[EXERCISE INPUTS — start]

lemma riccati_gap_tendsto:
  fixes a K P :: real
  assumes a: "0 < a" and Pa: "P\<^sup>2 < a\<^sup>2" and K: "0 < K"
  shows "((\<lambda>t. gap_of_momentum P a (riccati_sol a K t)) \<longlongrightarrow> 0)
    (at_left (ln K / a))"
proof -
  define T where "T = ln K / a"
  define R where "R t = K * exp (- a * t)" for t
  define h where "h t = ln (1 + (a\<^sup>2 - P\<^sup>2) * (1 - R t)\<^sup>2 / (4 * a\<^sup>2 * R t))" for t
  have R_pos: "0 < R t" for t
    using K by (simp add: R_def)
  have R_T: "R T = 1"
    using a K by (simp add: R_def T_def exp_minus)
  have arg_pos: "0 < 1 + (a\<^sup>2 - P\<^sup>2) * (1 - R t)\<^sup>2 / (4 * a\<^sup>2 * R t)" for t
    using R_pos[of t] a Pa by (intro add_pos_nonneg) simp_all
  have "isCont R T"
    unfolding R_def by (intro continuous_intros)
  then have "isCont h T"
    unfolding h_def using R_pos[of T] a arg_pos[of T] by (intro continuous_intros) simp_all
  then have lim: "(h \<longlongrightarrow> 0) (at_left T)"
    using R_T by (auto simp: h_def isCont_def intro: tendsto_within_subset)
  have "eventually (\<lambda>t. t \<in> {T - 1<..<T}) (at_left T)"
    by (rule eventually_at_left_real) simp
  then have ev: "eventually (\<lambda>t. h t = gap_of_momentum P a (riccati_sol a K t))
      (at_left T)"
  proof eventually_elim
    case (elim t)
    then have "1 < R t"
      using riccati_ratio_gt_1[OF a _ K, of t] by (simp add: T_def R_def)
    then show ?case
      using cayley_energy(2)[OF R_pos[of t] _ Pa] by (simp add: h_def riccati_sol_def R_def)
  qed
  show ?thesis
    unfolding T_def[symmetric] using lim ev by (rule Lim_transform_eventually)
qed

lemma regular_solution_riccati:
  assumes sol: "regular_solution b q p" and energy: "H (q 0) (p 0) = 1 / 2"
    and P: "(p 0 1 + p 0 2)\<^sup>2 < 1" and a: "0 < a" "a\<^sup>2 = 2 - (p 0 1 + p 0 2)\<^sup>2"
    and t: "t \<in> fwd b"
  defines "K \<equiv> (p 0 1 - p 0 2 - a) / (p 0 1 - p 0 2 + a)"
  shows "K * exp (- a * t) \<noteq> 1" and "riccati_sol a K t = p t 1 - p t 2"
    and "q t 1 - q t 2 = gap_of_momentum (p 0 1 + p 0 2) a (riccati_sol a K t)"
proof -
  note gap = energy_level_gap[OF regular_solution_energy_level[OF sol _ energy] _ P a(2)]
  have gt: "a\<^sup>2 < (p s 1 - p s 2)\<^sup>2" if "s \<in> fwd b" for s
    using gap(1)[OF that] regular_solution_gap_pos[OF sol that] by simp
  have nz: "p s 1 - p s 2 + a \<noteq> 0" if "s \<in> fwd b" for s
  proof
    assume "p s 1 - p s 2 + a = 0"
    then have "p s 1 - p s 2 = - a"
      by simp
    then show False
      using gt[OF that] by simp
  qed
  have "(p t 1 - p t 2 - a) / (p t 1 - p t 2 + a) = K * exp (- a * t)"
    unfolding K_def
  proof (rule riccati_uniqueness[where m = "\<lambda>s. p s 1 - p s 2", OF _ _ t])
    fix s assume s: "s \<in> fwd b"
    show "((\<lambda>s. p s 1 - p s 2) has_real_derivative (a\<^sup>2 - (p s 1 - p s 2)\<^sup>2) / 2) (at s within fwd b)"
      using regular_solution_reduced(1)[OF sol s] gap(3)[OF s] regular_solution_gap_pos[OF sol s] by simp
  qed (rule nz)
  with nz[OF t] a(1) show "K * exp (- a * t) \<noteq> 1" and m: "riccati_sol a K t = p t 1 - p t 2"
    using riccati_sol_eqI[of "p t 1 - p t 2" a K t] by auto
  show "q t 1 - q t 2 = gap_of_momentum (p 0 1 + p 0 2) a (riccati_sol a K t)"
    unfolding m using gap(2)[OF t] regular_solution_gap_pos[OF sol t] by simp
qed

lemma collision_in_finite_time:
  assumes sol: "maximal_solution b q p" and init: "q 0 2 < q 0 1" and energy: "H (q 0) (p 0) = 1 / 2"
    and P: "\<bar>p 0 1 + p 0 2\<bar> < 1" and m: "p 0 1 - p 0 2 < 0"
  shows "b < \<infinity> \<and> ((\<lambda>t. q t 1 - q t 2) \<longlongrightarrow> 0) (at_left (real_of_ereal b))"
proof -
  have reg: "regular_solution b q p"
    using sol by (simp add: maximal_solution_def)
  define P where "P = p 0 1 + p 0 2"
  define a where "a = sqrt (2 - P\<^sup>2)"
  define K where "K = (p 0 1 - p 0 2 - a) / (p 0 1 - p 0 2 + a)"
  define T where "T = ln K / a"
  have P2: "P\<^sup>2 < 1"
    using P by (simp add: P_def abs_square_less_1)
  then have a: "0 < a" "a\<^sup>2 = 2 - P\<^sup>2" and Pa: "P\<^sup>2 < a\<^sup>2"
    by (simp_all add: a_def)
  have "P\<^sup>2 + (p 0 1 - p 0 2)\<^sup>2 + (P\<^sup>2 - (p 0 1 - p 0 2)\<^sup>2) * exp (- (q 0 1 - q 0 2)) = 2"
    using H_sum_diff[of "q 0" "p 0"] energy init by (simp add: P_def)
  moreover have "0 < q 0 1 - q 0 2"
    using init by simp
  ultimately have gap0: "a\<^sup>2 < (p 0 1 - p 0 2)\<^sup>2" "q 0 1 - q 0 2 = gap_of_momentum P a (p 0 1 - p 0 2)"
    using energy_level_gap[OF _ _ P2 a(2)] by blast+
  note K = riccati_sol_initial[OF a(1) gap0(1) m, folded K_def]
  then have T: "0 < T"
    using a by (simp add: T_def)
  obtain S where S0: "S 0 = q 0 1 + q 0 2" and sol': "regular_solution (ereal T)
      (sum_diff_coords S (\<lambda>t. gap_of_momentum P a (riccati_sol a K t)))
      (sum_diff_coords (\<lambda>_. P) (riccati_sol a K))"
    unfolding T_def by (rule riccati_regular_solution[OF a(1) Pa K(1)])
  have "ereal T \<le> b"
    by (rule maximal_solution_bound[OF sol sol' S0]) (use gap0(2) K(2) in \<open>simp_all add: P_def\<close>)
  note riccati = regular_solution_riccati[OF reg energy P2[unfolded P_def] a(1) a(2)[unfolded P_def],
      folded P_def K_def]
  have "T \<notin> fwd b"
    using riccati(1)[of T] K a by (auto simp: T_def exp_minus)
  with \<open>ereal T \<le> b\<close> T have b: "b = ereal T"
    by (auto simp: fwd_def not_less)
  have "eventually (\<lambda>t. t \<in> fwd b) (at_left T)"
    using eventually_at_left_real[OF T] by eventually_elim (simp add: b fwd_ereal)
  then have "eventually (\<lambda>t. gap_of_momentum P a (riccati_sol a K t) = q t 1 - q t 2) (at_left T)"
    by eventually_elim (rule riccati(3)[symmetric])
  with riccati_gap_tendsto[OF a(1) Pa, of K] K(1) have "((\<lambda>t. q t 1 - q t 2) \<longlongrightarrow> 0) (at_left T)"
    unfolding T_def by (auto intro: Lim_transform_eventually)
  with b show ?thesis
    by simp
qed

theorem lemma3:
  fixes q p :: "real \<Rightarrow> nat \<Rightarrow> real" and b :: ereal
  assumes sol: "maximal_solution b q p"
    and init: "q 0 1 > q 0 2"
    and norm: "(p 0 1)\<^sup>2 + (p 0 2)\<^sup>2 + 2 * p 0 1 * p 0 2 * exp (- \<bar>q 0 1 - q 0 2\<bar>) = 1"
  shows "(\<bar>p 0 1 + p 0 2\<bar> < 1 \<and> p 0 1 - p 0 2 < 0 \<longrightarrow>
            b < \<infinity> \<and> ((\<lambda>t. q t 1 - q t 2) \<longlongrightarrow> 0) (at_left (real_of_ereal b)))
       \<and> (\<bar>p 0 1 + p 0 2\<bar> = 1 \<and> p 0 1 - p 0 2 < 0 \<longrightarrow>
            b = \<infinity> \<and> ((\<lambda>t. q t 1 - q t 2) \<longlongrightarrow> 0) at_top)"
proof -
  have energy: "H (q 0) (p 0) = 1 / 2"
    using norm by (simp add: H_eq)
  show ?thesis
    using collision_in_finite_time[OF sol init energy] collision_at_infinity[OF sol init energy]
    by blast
qed

end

[EXERCISE INPUTS — finish]

_ACTIVITY_: The expected answer is a copy of each line in the listing above that contains "symmetric".

_EXERCISE OUTPUT_:
    unfolding T_def[symmetric] using lim ev by (rule Lim_transform_eventually)
    by eventually_elim (rule riccati(3)[symmetric])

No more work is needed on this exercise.